Rate of thermal conduction in various copper structures

steveh721

A cylinder is constructed from a super insulator. The dimensions of the cylinder are Length L: 1 M; inside diameter i.d.: 12 mm. The entire Length of the cylinder contains copper (cases described below).

Heat (T > 100C) is continuously applied to the copper on one end of the cylinder. There is a heat sink attached to the copper at the opposite end of the cylinder--it can dissipate the heat at or above the rate of heat absorption.

What will be the difference in rate of conduction, if any, for:

a) the cylinder contains solid copper (12mm dia. X L)

b) the cylinder is packed with copper powder (say, 30 microns)

c) the cylinder is packed with small diameter copper rods (say, 1mm dia. X L)

d) the cylinder is packed with small diameter copper tubes (say, 5mm o.d., 4m i.d. X L)

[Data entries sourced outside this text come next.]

(* The difference quotients of r |-> integral of Phi(r y) converge to -B times the integral of Phi,
   the derivative of r^(-B) at r = 1. *)
lemma dilation_difference_quotient:
  fixes \<Phi> :: "'a::euclidean_space \<Rightarrow> real"
  assumes [measurable]: "\<Phi> \<in> borel_measurable borel"
    and int: "integrable lborel \<Phi>" "\<And>n. integrable lborel (\<lambda>y. \<Phi> ((1 + 1 / real (Suc n)) *\<^sub>R y))"
  shows "(\<lambda>n. \<integral>y. (\<Phi> ((1 + 1 / real (Suc n)) *\<^sub>R y) - \<Phi> y) / (1 / real (Suc n)) \<partial>lborel)
           \<longlonglongrightarrow> - real DIM('a) * (\<integral>y. \<Phi> y \<partial>lborel)"
proof -
  have dinv: "((\<lambda>r. inverse (r ^ DIM('a))) has_real_derivative - real DIM('a)) (at 1)"
    by (auto intro!: derivative_eq_intros)
  have "(\<integral>y. (\<Phi> (lam *\<^sub>R y) - \<Phi> y) / (1 / real (Suc n)) \<partial>lborel)
        = (inverse (lam ^ DIM('a)) - inverse (1 ^ DIM('a))) / (1 / real (Suc n)) * (\<integral>y. \<Phi> y \<partial>lborel)"
    if lam: "lam = 1 + 1 / real (Suc n)" for n lam
  proof -
    have "lam > 0" using lam by (simp add: add_pos_pos)
    then show ?thesis
      using int lam
      by (simp add: integral_dilation[OF assms(1)] diff_divide_distrib left_diff_distrib)
  qed
  then show ?thesis
    using deriv_seq[OF dinv] by (simp only:) (intro tendsto_mult tendsto_const, simp)
qed
lemma fundamental_tensor_eq:
  assumes sm: "smooth_on T F" and oT: "open T" and x: "x \<in> T"
  shows "fundamental_tensor F x u w =
     iter_dir_deriv [u] F x * iter_dir_deriv [w] F x + F x * iter_dir_deriv [u, w] F x"
proof -
  let ?S = "(\<lambda>t. x + t *\<^sub>R u) -` T"
  have inner_deriv: "deriv (\<lambda>s. (F (x + t *\<^sub>R u + s *\<^sub>R w))\<^sup>2) 0 =
      2 * F (x + t *\<^sub>R u) * iter_dir_deriv [w] F (x + t *\<^sub>R u)" if "t \<in> ?S" for t
    using that smooth_on_has_real_derivative_dir_deriv[OF sm, of "x + t *\<^sub>R u" w]
    by (intro DERIV_imp_deriv) (auto intro!: derivative_eq_intros)
  have "((\<lambda>t. 2 * F (x + t *\<^sub>R u) * iter_dir_deriv [w] F (x + t *\<^sub>R u)) has_real_derivative
     2 * (iter_dir_deriv [u] F x * iter_dir_deriv [w] F x + F x * iter_dir_deriv [u, w] F x)) (at 0)"
    using smooth_on_has_real_derivative_dir_deriv[OF sm x, of u]
      smooth_on_has_real_derivative_at_point[OF sm x, of "[w]" u]
    by (auto intro!: derivative_eq_intros simp: algebra_simps)
  then have "((\<lambda>t. deriv (\<lambda>s. (F (x + t *\<^sub>R u + s *\<^sub>R w))\<^sup>2) 0) has_real_derivative
     2 * (iter_dir_deriv [u] F x * iter_dir_deriv [w] F x + F x * iter_dir_deriv [u, w] F x)) (at 0)"
    by (rule has_field_derivative_transform_within_open[where S = ?S])
      (use oT x inner_deriv in \<open>auto intro!: open_vimage continuous_intros\<close>)
  then show ?thesis unfolding fundamental_tensor_def by (simp add: DERIV_imp_deriv)
qed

e) the cylinder contains a uniform copper lattice (honeycomb X L) structure surrounded by air

If there's a difference, which case results in the highest conduction rate and why? Lowest?

CWatters

The thermal conductivity will be proportional to cross sectional area and inversely proportional to length. So cases a) c) and d) should be easy enough.

Case b) and e) is tricky because instead of having a uniform cross section you have lots of voids in three dimensions. I'm not sure how you go about calculating the thermal conductivity but it will obviously be lower than for case a) which is a solid rod.

In a material with small pores the mean free path of air molecules (eg Nitrogen) might be less than the pore size. So they are more likely to collide with the walls of the pore than each other. So the thermal energy will be transferred to the conducting copper pore walls rather than travel through the air in the pores. I think this means b) is likely to have increased conductivity compared to e). Edit: and perhaps quite close to that of a).

steveh721

Thank you for your comments.

I was anticipating responses would be more toward d) and/or e) because the infrared spectrum is short wavelength/high frequency electro-magnetic energy. And, at least in the RF spectrum, high frequency energy propagates on the surface--and increased surface area has reduced impedance. Consequently, I imagined that more surface area would also result in reduced propagation time for infrared, too.

Could there be any validity to this idea?

CWatters

Pretty sure copper is opaque to infrared :-)

Conduction usually beats radaition unless the temperature difference is very high.